Task description: Your answer should consist only of the lines below from the one with "fix eps :: real" through the one with "using eps I(2) by auto", copied exactly.

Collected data

lemma post_prob_eq_of_le_one:
  "eps \<le> 1 \<Longrightarrow> post_prob a b s eps lam
    = s * (LINT u:{0<..<eps}|lborel. exp (- lam * u) * pi_RSB a b u) / prior_lap a b s lam {0<..}"
  by (simp add: post_prob_def prior_lap_def)

lemma post_prob_ratio_tendsto_at_top:
  fixes a a' b s lam :: real
  assumes "0 < a" "a < a'" "0 < b" "0 < s" "s \<le> 1" "0 < lam"
  shows "filterlim (\<lambda>eps. post_prob a b s eps lam / post_prob a' b s eps lam) at_top (at_right 0)"
proof -
  let ?I = "\<lambda>a eps. LINT u:{0<..<eps}|lborel. exp (- lam * u) * pi_RSB a b u"
  have a': "0 < a'"
    using assms by simp
  obtain c C where c: "0 < c" "\<And>eps. 0 < eps \<Longrightarrow> eps \<le> 1 \<Longrightarrow> c * eps powr a \<le> ?I a eps"
    and "0 < C" "\<And>eps. 0 < eps \<Longrightarrow> eps \<le> 1 \<Longrightarrow> ?I a eps \<le> C * eps powr a"
    by (rule laplace_pi_RSB_near_zero[OF assms(1,3,6)]) (rule that)
  obtain c' C' where c': "0 < c'" "\<And>eps. 0 < eps \<Longrightarrow> eps \<le> 1 \<Longrightarrow> c' * eps powr a' \<le> ?I a' eps"
    and C': "0 < C'" "\<And>eps. 0 < eps \<Longrightarrow> eps \<le> 1 \<Longrightarrow> ?I a' eps \<le> C' * eps powr a'"
    by (rule laplace_pi_RSB_near_zero[OF a' assms(3,6)]) (rule that)
  define D where "D a = prior_lap a b s lam {0<..}" for a
  have D: "0 < D a" "0 < D a'"
    using prior_lap_pos assms a' by (simp_all add: D_def)
  define K where "K = c * D a' / (C' * D a)"
  have K: "0 < K"
    using c C' D by (simp add: K_def)
  have "\<forall>\<^sub>F eps in at_right 0. eps \<in> {0<..<1::real}"
    by (rule eventually_at_rightI[of 0 1]) auto
  then have bound: "\<forall>\<^sub>F eps in at_right 0.
      K * eps powr (a - a') \<le> post_prob a b s eps lam / post_prob a' b s eps lam"
  proof (rule eventually_mono)
    fix eps :: real
    assume eps: "eps \<in> {0<..<1}"
    have I: "c * eps powr a \<le> ?I a eps" "c' * eps powr a' \<le> ?I a' eps" "?I a' eps \<le> C' * eps powr a'"
      using c(2) c'(2) C'(2) eps by auto
    have "0 < c' * eps powr a'"
      using eps c'(1) by simp
    then have pos: "0 < eps powr a" "0 < ?I a' eps"
      using eps I(2) by auto
    have "K * eps powr (a - a') = (c * eps powr a * D a') / (C' * eps powr a' * D a)"
      using pos eps by (simp add: K_def powr_diff mult_ac)
    also have "\<dots> \<le> (?I a eps * D a') / (?I a' eps * D a)"
    proof (rule frac_le)
      show "0 \<le> ?I a eps * D a'"
        using I(1) c(1) pos(1) D(2) by (intro mult_nonneg_nonneg) (auto intro: order.trans[rotated])
      show "c * eps powr a * D a' \<le> ?I a eps * D a'"
        using I(1) D(2) by (intro mult_right_mono) auto
      show "0 < ?I a' eps * D a"
        using pos(2) D(1) by simp
      show "?I a' eps * D a \<le> C' * eps powr a' * D a"
        using I(3) D(1) by (intro mult_right_mono) auto
    qed
    also have "\<dots> = post_prob a b s eps lam / post_prob a' b s eps lam"
      using eps assms by (simp add: post_prob_eq_of_le_one D_def)
    finally show "K * eps powr (a - a') \<le> post_prob a b s eps lam / post_prob a' b s eps lam" .
  qed
  have "filterlim (\<lambda>eps::real. eps powr (a - a')) at_top (at_right 0)"
    using assms by real_asymp
  then have "filterlim (\<lambda>eps::real. K * eps powr (a - a')) at_top (at_right 0)"
    by (rule filterlim_tendsto_pos_mult_at_top[OF tendsto_const K])
  then show ?thesis
    by (rule filterlim_at_top_mono[OF _ bound])
qed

Problem solution:
    fix eps :: real
    assume eps: "eps \<in> {0<..<1}"
    have I: "c * eps powr a \<le> ?I a eps" "c' * eps powr a' \<le> ?I a' eps" "?I a' eps \<le> C' * eps powr a'"
      using c(2) c'(2) C'(2) eps by auto
    have "0 < c' * eps powr a'"
      using eps c'(1) by simp
    then have pos: "0 < eps powr a" "0 < ?I a' eps"
      using eps I(2) by auto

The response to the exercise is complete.